Подойдя к продавленному аж до гранита облицовки сугробу, над братской могилой всех поэтов Лена молча помянула мертвую мечту:

    Из-за тебя не чуял я весны
    И птичьих трелей я не слышал эха,
    Когда сатир бутончиков листвы
    Касался робко ветерками смеха.
    Когда, привстав на цыпочки, цветы
    Весенней влагой наполняли чаши,
    Когда дриады, девственно чисты,
    Нарядами глаза пленяли наши!
    Пусть лилий белых вялы лепестки,
    Дыханием холодным сожжены,
    Пусть розы алой дикие цветки
    Высокомерным взглядом смущены,
    Они твоих желаний слуги, тень...
    Они моей весны короткий день.


XIV.

Перед нею разбегались в стороны две дорожки: одна - утоптанная, присыпанная песочком, с почетным караулом сугробов по бортам - плоские животы (срезаны "под фрунт" ножом бульдозера), в пышных "шапках" (обрезки кое-как накиданы сверху вручную) - вела к основательной бетонной платформе с уютным желтеньким домиком кассы (вот только зачем оконце в железных прутьях?), с усеявшими перрон цветастыми группами пассажиров (осторожно высовывающими головы над краем - не идет ли?), с мелкой проволочной сеткой вокруг тыла и торцов (экая "вольера"!); другая - белый шлейф невидимой невесты (хвостик шлейфа, что тянется по земле) - лишь кое-где продавлена до красной гаревой подложки косолапым чьим-то сапогом, да проткнута по бокам голыми упрямыми прутками (то гуще, то реже - точки, тире - примите телеграмму: "Зима удалась!"), - за рельсовой выемкой, за рыжими деревянными щитами-мостками пешеходного перехода (усыпанными снежными пятнышками - свадебными конфетти!) сразу взбегала на пригорок и так, взлетев, терялась в хвойной кроне парка, в ее серебристом покрове.

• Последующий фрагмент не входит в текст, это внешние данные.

lemma conj_coordinate_ascent:
  fixes \<phi> :: "real^'k \<Rightarrow> real" and X :: "real^'k^'d"
    and ND :: "real^'k \<Rightarrow> real" and ND' :: "real^'d \<Rightarrow> real"
  assumes nD: "is_norm ND" and nD': "is_norm ND'" and c: "c > 0" and s: "0 \<le> s" "s \<le> 1"
    and strong: "strongly_convex_wrt ND \<gamma> (conj \<phi>)"
    and a: "conj \<phi> (- a) = ereal r"
    and sub: "- u \<in> subdiff \<phi> (transpose X *v w)"
    and argmax: "\<And>\<Delta>. - conj \<phi> (- (a + \<Delta>)) - ereal (w \<bullet> (X *v \<Delta>)) - ereal (1 / (2 * c) * (ND' (X *v \<Delta>))\<^sup>2)
        \<le> - conj \<phi> (- (a + \<delta>)) - ereal (w \<bullet> (X *v \<delta>)) - ereal (1 / (2 * c) * (ND' (X *v \<delta>))\<^sup>2)"
  shows "conj \<phi> (- (a + \<delta>)) \<le> ereal (r - w \<bullet> (X *v \<delta>) - (ND' (X *v \<delta>))\<^sup>2 / (2 * c)
           - s * (r + \<phi> (transpose X *v w) + w \<bullet> (X *v a))
           - (\<gamma> * s * (1 - s) / 2 - s\<^sup>2 * (op_norm ND ND' X)\<^sup>2 / (2 * c)) * (ND (u - a))\<^sup>2)"
proof -
  define x where "x = transpose X *v w"
  define Q where "Q = (ND (u - a))\<^sup>2"
  define K where "K = r - s * (r + \<phi> x + w \<bullet> (X *v u)) - \<gamma> * s * (1 - s) / 2 * Q"
  \<comment> \<open>the comparison step moves the fraction s of the way towards the subgradient -u\<close>
  define \<Delta> where "\<Delta> = s *\<^sub>R (u - a)"
  have "conj \<phi> (- (a + \<Delta>)) \<le> ereal K"
    using conj_toward_subgradient[OF nD strong s a sub] inner_transpose_mult[of X w u]
    unfolding K_def Q_def \<Delta>_def x_def by simp
  then obtain k where k: "conj \<phi> (- (a + \<Delta>)) = ereal k" "k \<le> K"
    using conj_neq_MInfty[of \<phi> "- (a + \<Delta>)"] by (cases "conj \<phi> (- (a + \<Delta>))") auto
  obtain b where b: "conj \<phi> (- (a + \<delta>)) = ereal b"
    and opt: "- k - w \<bullet> (X *v \<Delta>) - (ND' (X *v \<Delta>))\<^sup>2 / (2 * c)
             \<le> - b - w \<bullet> (X *v \<delta>) - (ND' (X *v \<delta>))\<^sup>2 / (2 * c)"
    using argmax[of \<Delta>] conj_neq_MInfty[of \<phi> "- (a + \<delta>)"] unfolding k(1)
    by (cases "conj \<phi> (- (a + \<delta>))") auto
  have "(ND' (X *v \<Delta>))\<^sup>2 \<le> s\<^sup>2 * (op_norm ND ND' X)\<^sup>2 * Q"
  proof -
    have "ND' (X *v \<Delta>) = s * ND' (X *v (u - a))"
      unfolding \<Delta>_def using s by (simp add: matrix_vector_mult_scaleR is_norm_scaleR[OF nD'])
    also have "\<dots> \<le> s * (op_norm ND ND' X * ND (u - a))"
      by (rule mult_left_mono[OF op_norm_bound[OF nD nD'] s(1)])
    finally have "(ND' (X *v \<Delta>))\<^sup>2 \<le> (s * (op_norm ND ND' X * ND (u - a)))\<^sup>2"
      using is_norm_nonneg[OF nD'] by (intro power_mono)
    then show ?thesis unfolding Q_def by (simp add: power_mult_distrib mult.assoc)
  qed
  then have "(ND' (X *v \<Delta>))\<^sup>2 / (2 * c) \<le> s\<^sup>2 * (op_norm ND ND' X)\<^sup>2 / (2 * c) * Q"
    using c by (simp add: divide_right_mono)
  moreover have "w \<bullet> (X *v \<Delta>) = s * (w \<bullet> (X *v u)) - s * (w \<bullet> (X *v a))"
    unfolding \<Delta>_def by (simp add: matrix_vector_mult_scaleR matrix_vector_mult_diff_distrib inner_diff_right right_diff_distrib)
  moreover have "K + (s * (w \<bullet> (X *v u)) - s * (w \<bullet> (X *v a))) + s\<^sup>2 * (op_norm ND ND' X)\<^sup>2 / (2 * c) * Q
      = r - s * (r + \<phi> x + w \<bullet> (X *v a)) - (\<gamma> * s * (1 - s) / 2 - s\<^sup>2 * (op_norm ND ND' X)\<^sup>2 / (2 * c)) * Q"
    unfolding K_def by (simp add: algebra_simps)
  ultimately show ?thesis
    using opt k(2) unfolding b x_def Q_def by simp
qed

section \<open>Expectation over index histories\<close>

lemma finite_hists: "finite (hists n m)"
  unfolding hists_def using finite_lists_length_eq[of "{..<n}" m] by simp

lemma hists_Suc: "hists n (Suc m) = (\<lambda>(h, i). h @ [i]) ` (hists n m \<times> {..<n})"
proof
  show "hists n (Suc m) \<subseteq> (\<lambda>(h, i). h @ [i]) ` (hists n m \<times> {..<n})"
  proof
    fix h assume h: "h \<in> hists n (Suc m)"
    then have "h \<noteq> []" unfolding hists_def by auto
    then have "h = butlast h @ [last h]" by simp
    moreover have "butlast h \<in> hists n m" "last h < n"
      using h \<open>h \<noteq> []\<close> unfolding hists_def
      by (auto dest: in_set_butlastD) (metis last_in_set lessThan_iff subsetD)
    ultimately show "h \<in> (\<lambda>(h, i). h @ [i]) ` (hists n m \<times> {..<n})" by force
  qed
qed (auto simp: hists_def)

lemma sum_hists_Suc:
  "(\<Sum>h\<in>hists n (Suc m). f h) = (\<Sum>h\<in>hists n m. \<Sum>i<n. f (h @ [i]))"
proof -
  have "inj_on (\<lambda>(h, i). h @ [i]) (hists n m \<times> {..<n})" by (auto simp: inj_on_def)
  then show ?thesis
    unfolding hists_Suc by (simp add: sum.reindex sum.cartesian_product case_prod_unfold finite_hists)
qed

lemma expect_Suc:
  assumes "n > 0"
  shows "expect n (Suc m) f = expect n m (\<lambda>h. (\<Sum>i<n. f (h @ [i])) / real n)"
  unfolding expect_def sum_hists_Suc using assms by (simp add: sum_divide_distrib field_simps)

lemma expect_mono:
  "(\<And>h. h \<in> hists n m \<Longrightarrow> f h \<le> f' h) \<Longrightarrow> expect n m f \<le> expect n m f'"
  unfolding expect_def by (intro divide_right_mono sum_mono) auto

lemma expect_e_ereal:
  "(\<And>h. h \<in> hists n m \<Longrightarrow> f h = ereal (F h)) \<Longrightarrow> expect_e n m f = ereal (expect n m F)"
  unfolding expect_e_def expect_def by (simp cong: sum.cong)

lemma expect_e_PInfty:
  assumes "n > 0" "h \<in> hists n m" "f h = \<infinity>"
  shows "expect_e n m f = \<infinity>"
proof -
  have "(\<Sum>h\<in>hists n m. f h) = \<infinity>" using assms(2,3) finite_hists sum_Pinfty by blast
  then show ?thesis unfolding expect_e_def using assms(1) by simp
qed

lemma expect_linear:
  "expect n m (\<lambda>h. a * F h - b * (\<Sum>i\<in>I. c i * q h i))
    = a * expect n m F - b * (\<Sum>i\<in>I. c i * expect n m (\<lambda>h. q h i))"
proof -
  have "(\<Sum>h\<in>hists n m. \<Sum>i\<in>I. c i * q h i) = (\<Sum>i\<in>I. c i * (\<Sum>h\<in>hists n m. q h i))"
    by (subst sum.swap) (simp add: sum_distrib_left)
  then show ?thesis
    unfolding expect_def
    by (simp add: sum_subtractf sum_distrib_left[symmetric] sum_divide_distrib[symmetric] diff_divide_distrib)
qed

section \<open>The Prox-SDCA iteration\<close>

locale prox_sdca =
  fixes n :: nat and lam \<gamma> :: real
    and X :: "nat \<Rightarrow> real^'k^'d"
    and \<phi> :: "nat \<Rightarrow> real^'k \<Rightarrow> real" and g :: "real^'d \<Rightarrow> real"
    and NP :: "real^'k \<Rightarrow> real" and NP' :: "real^'d \<Rightarrow> real"
    and grad_gs :: "real^'d \<Rightarrow> real^'d"
    and \<alpha> :: "nat list \<Rightarrow> nat \<Rightarrow> real^'k"
    and v :: "nat list \<Rightarrow> real^'d"
    and u :: "nat list \<Rightarrow> nat \<Rightarrow> real^'k"
  assumes n_pos: "n \<ge> 1" and lam_pos: "lam > 0"
    and normP: "is_norm NP" and normP': "is_norm NP'"
    and g_convex: "convex_on UNIV g"
    and g_strong: "strongly_convex_wrt NP' 1 (\<lambda>x. ereal (g x))"
    and gs_finite: "\<And>y. conj g y \<noteq> \<infinity>"
    and gs_deriv: "\<And>y. ((\<lambda>z. real_of_ereal (conj g z)) has_derivative (\<lambda>h. grad_gs y \<bullet> h)) (at y)"
    and phis_strong: "\<And>i. i < n \<Longrightarrow> strongly_convex_wrt (dual_norm NP) \<gamma> (conj (\<phi> i))"
    and alpha0: "\<And>j. \<alpha> [] j = 0"
    and v0: "v [] = 0"
    and alpha_other: "\<And>h i j. set h \<subseteq> {..<n} \<Longrightarrow> i < n \<Longrightarrow> j \<noteq> i \<Longrightarrow>
                        \<alpha> (h @ [i]) j = \<alpha> h j"
    and alpha_argmax: "\<And>h i \<Delta>. set h \<subseteq> {..<n} \<Longrightarrow> i < n \<Longrightarrow>
        - conj (\<phi> i) (- (\<alpha> h i + \<Delta>)) - ereal (grad_gs (v h) \<bullet> (X i *v \<Delta>))
            - ereal (1 / (2 * lam * real n) * (dual_norm NP' (X i *v \<Delta>))\<^sup>2)
        \<le> - conj (\<phi> i) (- (\<alpha> h i + (\<alpha> (h @ [i]) i - \<alpha> h i)))
            - ereal (grad_gs (v h) \<bullet> (X i *v (\<alpha> (h @ [i]) i - \<alpha> h i)))
            - ereal (1 / (2 * lam * real n) * (dual_norm NP' (X i *v (\<alpha> (h @ [i]) i - \<alpha> h i)))\<^sup>2)"
    and v_step: "\<And>h i. set h \<subseteq> {..<n} \<Longrightarrow> i < n \<Longrightarrow>
        v (h @ [i]) = v h + (1 / (lam * real n)) *\<^sub>R (X i *v (\<alpha> (h @ [i]) i - \<alpha> h i))"
    and u_sub: "\<And>h i. set h \<subseteq> {..<n} \<Longrightarrow> i < n \<Longrightarrow>
        - u h i \<in> subdiff (\<phi> i) (transpose (X i) *v grad_gs (v h))"
begin

abbreviation "ND \<equiv> dual_norm NP"
abbreviation "ND' \<equiv> dual_norm NP'"
abbreviation "w h \<equiv> grad_gs (v h)"

definition conj_loss :: "nat list \<Rightarrow> nat \<Rightarrow> real" where
  "conj_loss h j = real_of_ereal (conj (\<phi> j) (- \<alpha> h j))"

definition dual_finite :: "nat list \<Rightarrow> bool" where
  "dual_finite h \<longleftrightarrow> (\<forall>j<n. conj (\<phi> j) (- \<alpha> h j) \<noteq> \<infinity>)"

text \<open>The value of the dual objective when it is finite; g*(v) is written as \<langle>w, v\<rangle> - g(w).\<close>
definition dual_value :: "nat list \<Rightarrow> real" where
  "dual_value h = (1 / real n) * (\<Sum>j<n. - conj_loss h j) - lam * (w h \<bullet> v h - g (w h))"

text \<open>The Fenchel--Young gap of the i-th loss at the pair (X_i^T w, -\<alpha>_i).\<close>
definition coord_gap :: "nat list \<Rightarrow> nat \<Rightarrow> real" where
  "coord_gap h i = conj_loss h i + \<phi> i (transpose (X i) *v w h) + w h \<bullet> (X i *v \<alpha> h i)"

text \<open>The weight of the i-th term of G^(t); at s = 0 the division gives 0, which is harmless because
  the weight is always multiplied by s^2.\<close>
definition step_coef :: "real \<Rightarrow> nat \<Rightarrow> real" where
  "step_coef s i = (op_norm ND ND' (X i))\<^sup>2 - \<gamma> * (1 - s) * lam * real n / s"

Перепрыгнув в два шажка настрополеные стрелки, в три шага одолев первый подъем, она замерла на опушке - выпростав из-под шапки нежное ушко, вправо-влево чутко поводя головой: со стороны станции несся многосложный гомон - функция от бесконечного множества болтливых переменных! - и студенческие шуры-муры, и шум воробьиных драк за брошенную корку, и - общий знаменатель! - всполошивший всех тонкий дальний погуд встречных электричек; со стороны леса - редкий хлопот-трепет чьих-то малых крыл (потом пауза, потом опять - вот: синица-перебежчица подкрадывается к воробьиной колготне), поскрип-потреск восстающих веток, сбрасывающих излишки снега (а то подкидывающих вверх, словно снопы салюта), и однотонное пиканье-пиликанье - с елочных макушек, задетых солнцем, снег-оборотень водяными капелями устремлялся вниз к родимому холоду.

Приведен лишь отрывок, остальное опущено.